CPS: The results for CPS are similar to those for CPI, but the overheads are generally lower. Relative to SPEC without protection, the geometric means of the overheads of the original CPS and ERIM-CPS are 1.1% and 2.4%, respectively. ERIM-CPS' overhead relative to the original CPS is within 2.5% on all benchmarks, except except perlbench, omnetpp and xalancbmk, where it ranges up to 17.9%.
Conclusion
We conclude the paper with a brief summary of ERIM and how it compares to other memory isolation techniques. Relying on the recent Intel MPK ISA extension and simple binary inspection, ERIM provides hardware-enforced isolation with an overhead of less than 1% for every 100,000 switches/s between components on current CPUs. It imposes no overhead on execution within a component.

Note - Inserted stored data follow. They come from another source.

(* Let $\mathbb{X}\subseteq\mathbb{P}^2$ be a $\Bbbk$-configuration of type $(d_1,\dots,d_s)$ defined by subsets $\mathbb{X}_1,\dots,\mathbb{X}_s$ and lines $\mathbb{L}_1,\dots,\mathbb{L}_s$, and let $\mathbb{L}$ be a line with $|\mathbb{L}\cap\mathbb{X}|=d_s$. (i) If $d_s>s$, then $\mathbb{L}\in\{\mathbb{L}_1,\dots,\mathbb{L}_s\}$. (ii) If $\mathbb{L}=\mathbb{L}_i$, then $d_j=d_s-s+j$ for all $j=i,\dots,s$.
   Context: $\Bbbk$ is an algebraically closed field. A $\Bbbk$-configuration of type $(d_1,\dots,d_s)$ is a finite set $\mathbb{X}\subseteq\mathbb{P}^2$ for which there exist integers $1\le d_1<\cdots<d_s$, subsets $\mathbb{X}_1,\dots,\mathbb{X}_s$ of $\mathbb{X}$ and distinct lines $\mathbb{L}_1,\dots,\mathbb{L}_s\subseteq\mathbb{P}^2$ such that (1) $\mathbb{X}=\bigcup_{i=1}^s\mathbb{X}_i$; (2) $|\mathbb{X}_i|=d_i$ and $\mathbb{X}_i\subseteq\mathbb{L}_i$ for each $i$; (3) for $1<i\le s$, $\mathbb{L}_i$ contains no point of $\mathbb{X}_j$ for any $j<i$. We say $\mathbb{X}$ is defined by these subsets and lines. *)

theory Defs
  imports "HOL-Computational_Algebra.Polynomial"
begin

definition alg_closed :: "'k::field itself \<Rightarrow> bool" where
  "alg_closed _ \<longleftrightarrow> (\<forall>p :: 'k poly. degree p \<ge> 1 \<longrightarrow> (\<exists>x. poly p x = 0))"

text \<open>Points of the projective plane P^2 over 'k: one-dimensional subspaces of k^3,
  i.e. the sets of all scalar multiples of a nonzero vector.\<close>
type_synonym 'k ppoint = "('k \<times> 'k \<times> 'k) set"

definition scale3 :: "'k::field \<Rightarrow> 'k \<times> 'k \<times> 'k \<Rightarrow> 'k \<times> 'k \<times> 'k" where
  "scale3 c v = (case v of (x, y, z) \<Rightarrow> (c * x, c * y, c * z))"

definition is_point :: "'k::field ppoint \<Rightarrow> bool" where
  "is_point P \<longleftrightarrow> (\<exists>v. v \<noteq> (0, 0, 0) \<and> P = (\<lambda>c. scale3 c v) ` UNIV)"

definition line_of :: "'k::field \<times> 'k \<times> 'k \<Rightarrow> 'k ppoint set" where
  "line_of u = {P. is_point P \<and> (\<forall>(x, y, z) \<in> P. (case u of (a, b, c) \<Rightarrow> a * x + b * y + c * z = 0))}"

definition is_line :: "'k::field ppoint set \<Rightarrow> bool" where
  "is_line L \<longleftrightarrow> (\<exists>u. u \<noteq> (0, 0, 0) \<and> L = line_of u)"

definition kconfig ::
  "'k::field ppoint set \<Rightarrow> nat \<Rightarrow> (nat \<Rightarrow> nat) \<Rightarrow> (nat \<Rightarrow> 'k ppoint set) \<Rightarrow> (nat \<Rightarrow> 'k ppoint set) \<Rightarrow> bool"
where
  "kconfig X s d Xs Ls \<longleftrightarrow>
     s \<ge> 1 \<and> 1 \<le> d 1 \<and> (\<forall>i\<in>{1..s}. \<forall>j\<in>{1..s}. i < j \<longrightarrow> d i < d j) \<and>
     X = (\<Union>i\<in>{1..s}. Xs i) \<and>
     (\<forall>i\<in>{1..s}. is_line (Ls i) \<and> finite (Xs i) \<and> card (Xs i) = d i \<and> Xs i \<subseteq> Ls i) \<and>
     inj_on Ls {1..s} \<and>
     (\<forall>i\<in>{1..s}. \<forall>j\<in>{1..s}. j < i \<longrightarrow> Ls i \<inter> Xs j = {})"

end

theory Submission imports Defs begin

text \<open>Two distinct lines of \<open>\<P>\<^sup>2\<close> share at most one point: a common point is orthogonal to
  both coefficient vectors, and if there were two of them, \<open>p\<close> and \<open>q\<close>, both coefficient
  vectors would be multiples of \<open>p \<times> q\<close> and the lines would coincide.
  Hence a line \<open>L\<close> different from all \<open>\<L>\<^sub>i\<close> meets each \<open>\<X>\<^sub>i\<close> in at most one point, so
  \<open>|L \<inter> \<X>| \<le> s\<close>. If \<open>L = \<L>\<^sub>i\<close>, then \<open>L\<close> misses \<open>\<X>\<^sub>1, \<dots>, \<X>\<^sub>i\<^sub>-\<^sub>1\<close> and meets each \<open>\<X>\<^sub>k\<close>,
  \<open>k > i\<close>, at most once, so \<open>d\<^sub>s \<le> d\<^sub>i + (s - i)\<close>; since the \<open>d\<^sub>j\<close> strictly increase, this
  forces \<open>d\<^sub>j = d\<^sub>i + (j - i)\<close> for all \<open>j \<ge> i\<close>.\<close>

definition dot3 :: "'k::field \<times> 'k \<times> 'k \<Rightarrow> 'k \<times> 'k \<times> 'k \<Rightarrow> 'k" where
  "dot3 u v = (case u of (a, b, c) \<Rightarrow> case v of (x, y, z) \<Rightarrow> a * x + b * y + c * z)"

definition cross3 :: "'k::field \<times> 'k \<times> 'k \<Rightarrow> 'k \<times> 'k \<times> 'k \<Rightarrow> 'k \<times> 'k \<times> 'k" where
  "cross3 u v = (case u of (a, b, c) \<Rightarrow> case v of (x, y, z) \<Rightarrow> (b * z - c * y, c * x - a * z, a * y - b * x))"

lemma dot3_scale_right: "dot3 u (scale3 c v) = c * dot3 u v"
  by (cases u; cases v) (simp add: dot3_def scale3_def algebra_simps)

lemma dot3_scale_left: "dot3 (scale3 c u) v = c * dot3 u v"
  by (cases u; cases v) (simp add: dot3_def scale3_def algebra_simps)

lemma scale3_scale3: "scale3 a (scale3 b v) = scale3 (a * b) v"
  by (cases v) (simp add: scale3_def mult.assoc)

lemma scale3_eq_0_iff: "scale3 c v = (0, 0, 0) \<longleftrightarrow> c = 0 \<or> v = (0, 0, 0)"
  by (cases v) (auto simp: scale3_def)

lemma cross3_eq_0_imp_scale3:
  fixes r v :: "'k::field \<times> 'k \<times> 'k"
  assumes "cross3 r v = (0, 0, 0)" and "r \<noteq> (0, 0, 0)"
  shows "\<exists>c. v = scale3 c r"
proof -
  obtain r1 r2 r3 where r: "r = (r1, r2, r3)" by (cases r) auto
  obtain v1 v2 v3 where v: "v = (v1, v2, v3)" by (cases v) auto
  have eqs: "r2 * v3 = r3 * v2" "r3 * v1 = r1 * v3" "r1 * v2 = r2 * v1"
    using assms(1) by (auto simp: r v cross3_def)
  consider "r1 \<noteq> 0" | "r1 = 0" "r2 \<noteq> 0" | "r1 = 0" "r2 = 0" "r3 \<noteq> 0"
    using assms(2) r by blast
  then show ?thesis
  proof cases
    case 1
    with eqs show ?thesis by (intro exI[of _ "v1 / r1"]) (auto simp: r v scale3_def field_simps)
  next
    case 2
    with eqs show ?thesis by (intro exI[of _ "v2 / r2"]) (auto simp: r v scale3_def field_simps)
  next
    case 3
    with eqs show ?thesis by (intro exI[of _ "v3 / r3"]) (auto simp: r v scale3_def field_simps)
  qed
qed

lemma cross3_eq_0_imp_same_point:
  fixes p q :: "'k::field \<times> 'k \<times> 'k"
  assumes "cross3 p q = (0, 0, 0)" and "p \<noteq> (0, 0, 0)" and "q \<noteq> (0, 0, 0)"
  shows "range (\<lambda>c. scale3 c p) = range (\<lambda>c. scale3 c q)"
proof -
  obtain c where q: "q = scale3 c p" using cross3_eq_0_imp_scale3 assms(1,2) by blast
  with assms(3) have "c \<noteq> 0" by (simp add: scale3_eq_0_iff)
  have "scale3 a p \<in> range (\<lambda>b. scale3 (b * c) p)" for a
    using \<open>c \<noteq> 0\<close> by (intro image_eqI[of _ _ "a / c"]) auto
  then show ?thesis by (auto simp: q scale3_scale3)
qed

lemma orthogonal_to_both_imp_cross3_eq_0:
  fixes p q x :: "'k::field \<times> 'k \<times> 'k"
  assumes "dot3 x p = 0" and "dot3 x q = 0"
  shows "cross3 (cross3 p q) x = (0, 0, 0)"
proof -
  obtain x1 x2 x3 where x: "x = (x1, x2, x3)" by (cases x) auto
  obtain p1 p2 p3 where p: "p = (p1, p2, p3)" by (cases p) auto
  obtain q1 q2 q3 where q: "q = (q1, q2, q3)" by (cases q) auto
  have h: "x1 * p1 + x2 * p2 + x3 * p3 = 0" "x1 * q1 + x2 * q2 + x3 * q3 = 0"
    using assms by (auto simp: dot3_def x p q)
  have "(p3 * q1 - p1 * q3) * x3 - (p1 * q2 - p2 * q1) * x2 = 0"
       "(p1 * q2 - p2 * q1) * x1 - (p2 * q3 - p3 * q2) * x3 = 0"
       "(p2 * q3 - p3 * q2) * x2 - (p3 * q1 - p1 * q3) * x1 = 0"
    using h by algebra+
  then show ?thesis by (simp add: cross3_def x p q)
qed

lemma point_in_line_of_iff:
  assumes "P = range (\<lambda>c. scale3 c p)" and "p \<noteq> (0, 0, 0)"
  shows "P \<in> line_of u \<longleftrightarrow> dot3 u p = 0"
proof -
  have "is_point P" using assms unfolding is_point_def by blast
  have "p \<in> P"
    using assms(1) by (auto simp: image_iff scale3_def intro!: exI[of _ 1] split: prod.splits)
  have "(\<forall>(x, y, z) \<in> P. case u of (a, b, c) \<Rightarrow> a * x + b * y + c * z = 0) \<longleftrightarrow> (\<forall>v\<in>P. dot3 u v = 0)"
    by (cases u) (auto simp: dot3_def)
  also have "\<dots> \<longleftrightarrow> dot3 u p = 0"
    using \<open>p \<in> P\<close> by (auto simp: assms(1) dot3_scale_right)
  finally show ?thesis using \<open>is_point P\<close> by (simp add: line_of_def)
qed

lemma line_of_scale3: "c \<noteq> 0 \<Longrightarrow> line_of (scale3 c u) = line_of u"
proof -
  assume "c \<noteq> 0"
  then have "dot3 (scale3 c u) v = 0 \<longleftrightarrow> dot3 u v = 0" for v by (simp add: dot3_scale_left)
  from this[of "(x, y, z)" for x y z]
  have "(case scale3 c u of (a, b, d) \<Rightarrow> a * x + b * y + d * z = 0) \<longleftrightarrow>
        (case u of (a, b, d) \<Rightarrow> a * x + b * y + d * z = 0)" for x y z
    by (cases u) (simp add: dot3_def scale3_def)
  then show ?thesis by (simp add: line_of_def)
qed

lemma distinct_lines_common_point_unique:
  fixes A B :: "'k::field ppoint set"
  assumes "is_line A" "is_line B" "A \<noteq> B" "P \<in> A" "P \<in> B" "Q \<in> A" "Q \<in> B"
  shows "P = Q"
proof (rule ccontr)
  assume "P \<noteq> Q"
  obtain u where u: "u \<noteq> (0, 0, 0)" "A = line_of u" using assms(1) is_line_def by blast
  obtain w where w: "w \<noteq> (0, 0, 0)" "B = line_of w" using assms(2) is_line_def by blast
  have "is_point P" "is_point Q" using assms(4,6) u by (simp_all add: line_of_def)
  then obtain p q where p: "p \<noteq> (0, 0, 0)" "P = range (\<lambda>c. scale3 c p)"
    and q: "q \<noteq> (0, 0, 0)" "Q = range (\<lambda>c. scale3 c q)"
    unfolding is_point_def by blast
  have "dot3 u p = 0" "dot3 u q = 0" "dot3 w p = 0" "dot3 w q = 0"
    using assms(4-7) u w point_in_line_of_iff[OF p(2,1)] point_in_line_of_iff[OF q(2,1)] by auto
  then have "cross3 (cross3 p q) u = (0, 0, 0)" "cross3 (cross3 p q) w = (0, 0, 0)"
    by (simp_all add: orthogonal_to_both_imp_cross3_eq_0)
  moreover have "cross3 p q \<noteq> (0, 0, 0)"
    using cross3_eq_0_imp_same_point[OF _ p(1) q(1)] p q \<open>P \<noteq> Q\<close> by auto
  ultimately obtain a b where "u = scale3 a (cross3 p q)" "w = scale3 b (cross3 p q)"
    using cross3_eq_0_imp_scale3 by metis
  with u w have "A = B" by (auto simp: scale3_eq_0_iff line_of_scale3)
  with assms(3) show False ..
qed

lemma card_inter_distinct_lines_le_1:
  fixes A B :: "'k::field ppoint set"
  assumes "is_line A" "is_line B" "A \<noteq> B" "S \<subseteq> A \<inter> B"
  shows "card S \<le> 1"
proof (cases "finite S")
  case True
  with assms distinct_lines_common_point_unique[OF assms(1-3)] show ?thesis
    by (auto simp: card_le_Suc0_iff_eq subset_iff)
qed simp

lemma kconfig_type_increase:
  assumes "kconfig X s d Xs Ls" "1 \<le> a" "a \<le> b" "b \<le> s"
  shows "d a + (b - a) \<le> d b"
  using assms(3,4)
proof (induction b rule: dec_induct)
  case (step n)
  have "d n < d (Suc n)" using assms(1,2) step by (auto simp: kconfig_def)
  with step show ?case by simp
qed simp

lemma kconfig_card_line_inter_Union_le:
  assumes "kconfig X s d Xs Ls" "is_line L" "K \<subseteq> {1..s}" "\<forall>k\<in>K. L \<noteq> Ls k"
  shows "card (\<Union>k\<in>K. L \<inter> Xs k) \<le> card K"
proof -
  have "finite K" using assms(3) finite_subset by blast
  then have "card (\<Union>k\<in>K. L \<inter> Xs k) \<le> (\<Sum>k\<in>K. card (L \<inter> Xs k))"
    by (rule card_UN_le)
  also have "\<dots> \<le> (\<Sum>k\<in>K. 1)"
  proof (rule sum_mono)
    fix k assume "k \<in> K"
    with assms have "is_line (Ls k)" "Xs k \<subseteq> Ls k" "L \<noteq> Ls k"
      by (auto simp: kconfig_def)
    then show "card (L \<inter> Xs k) \<le> 1"
      using card_inter_distinct_lines_le_1[OF assms(2)] by blast
  qed
  finally show ?thesis by simp
qed

lemma kconfig_line_not_defining_card_le:
  assumes "kconfig X s d Xs Ls" "is_line L" "L \<notin> Ls ` {1..s}"
  shows "card (L \<inter> X) \<le> s"
proof -
  have "L \<inter> X = (\<Union>k\<in>{1..s}. L \<inter> Xs k)" using assms(1) by (auto simp: kconfig_def)
  with kconfig_card_line_inter_Union_le[OF assms(1,2), of "{1..s}"] assms(3) show ?thesis
    by auto
qed

lemma kconfig_defining_line_card_le:
  assumes "kconfig X s d Xs Ls" "i \<in> {1..s}" "L = Ls i"
  shows "card (L \<inter> X) \<le> d i + (s - i)"
proof -
  have Xs_i: "card (Xs i) = d i" "is_line L" and fin: "\<forall>k\<in>{1..s}. finite (Xs k)"
    using assms by (auto simp: kconfig_def)
  have "\<forall>k\<in>{i+1..s}. L \<noteq> Ls k"
    using assms by (auto simp: kconfig_def dest: inj_onD)
  then have tail: "card (\<Union>k\<in>{i+1..s}. L \<inter> Xs k) \<le> s - i"
    using kconfig_card_line_inter_Union_le[OF assms(1) \<open>is_line L\<close>, of "{i+1..s}"] assms(2) by auto
  have "L \<inter> X \<subseteq> Xs i \<union> (\<Union>k\<in>{i+1..s}. L \<inter> Xs k)"
  proof
    fix x assume "x \<in> L \<inter> X"
    then obtain k where k: "k \<in> {1..s}" "x \<in> Xs k" "x \<in> L"
      using assms(1) by (auto simp: kconfig_def)
    \<comment> \<open>\<open>L = \<L>\<^sub>i\<close> contains no point of the earlier \<open>\<X>\<^sub>k\<close>.\<close>
    have "\<not> k < i" using k assms unfolding kconfig_def by blast
    with k show "x \<in> Xs i \<union> (\<Union>k\<in>{i+1..s}. L \<inter> Xs k)"
      by (cases "k = i") auto
  qed
  then have "card (L \<inter> X) \<le> card (Xs i \<union> (\<Union>k\<in>{i+1..s}. L \<inter> Xs k))"
    by (rule card_mono[rotated]) (use fin assms(2) in auto)
  also have "\<dots> \<le> card (Xs i) + card (\<Union>k\<in>{i+1..s}. L \<inter> Xs k)"
    by (rule card_Un_le)
  finally show ?thesis using Xs_i tail by simp
qed

theorem lemma2p5:
  fixes X :: "'k::field ppoint set" and s :: nat and d :: "nat \<Rightarrow> nat"
    and Xs Ls :: "nat \<Rightarrow> 'k ppoint set" and L :: "'k ppoint set"
  assumes "alg_closed TYPE('k)"
    and "kconfig X s d Xs Ls"
    and "is_line L"
    and "card (L \<inter> X) = d s"
  shows "(d s > s \<longrightarrow> L \<in> Ls ` {1..s}) \<and>
         (\<forall>i\<in>{1..s}. L = Ls i \<longrightarrow> (\<forall>j\<in>{i..s}. int (d j) = int (d s) - int s + int j))"
proof (intro conjI impI ballI)
  assume "d s > s"
  with assms(4) kconfig_line_not_defining_card_le[OF assms(2,3)] show "L \<in> Ls ` {1..s}"
    by fastforce
next
  fix i j assume i: "i \<in> {1..s}" and "L = Ls i" and j: "j \<in> {i..s}"
  have "d s \<le> d i + (s - i)"
    using kconfig_defining_line_card_le[OF assms(2) i \<open>L = Ls i\<close>] assms(4) by simp
  moreover have "d i + (j - i) \<le> d j" "d j + (s - j) \<le> d s"
    using kconfig_type_increase[OF assms(2)] i j by auto
  ultimately show "int (d j) = int (d s) - int s + int j" using i j by auto
qed

end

Existing hardware isolation techniques rely on either kernel-or hypervisor-mediation for switching protection domains and incur much higher switching costs-the state-ofthe-art lwCs impose approximately 10% overhead for every 100,000 switches/s. Other techniques based on access bounds-checks such as SFI or memory-safe languages provide isolation without interposing on domain switches, but impose overheads of several tens of percent on the normal execution of untrusted code, even with mainstream hardware support for bounds checking (e.g., MPX). Additionally, they require control-flow integrity to provide strong security. Yet other software techniques like ASLR impose negligible runtime overhead but offer very limited defense against strong user-space adversaries.
ERIM's comparative advantage prominently stands out on applications that switch very rapidly and spend a nontrivial fraction of time in untrusted code. We have demonstrated ERIM's efficacy on three such applications: isolating session keys in a web server, isolating a reference monitor's private state, and isolating managed runtimes from native libraries. In all cases, ERIM provides strong isolation with overheads significantly lower than those of existing techniques, without necessarily requiring compiler support or OS modifications.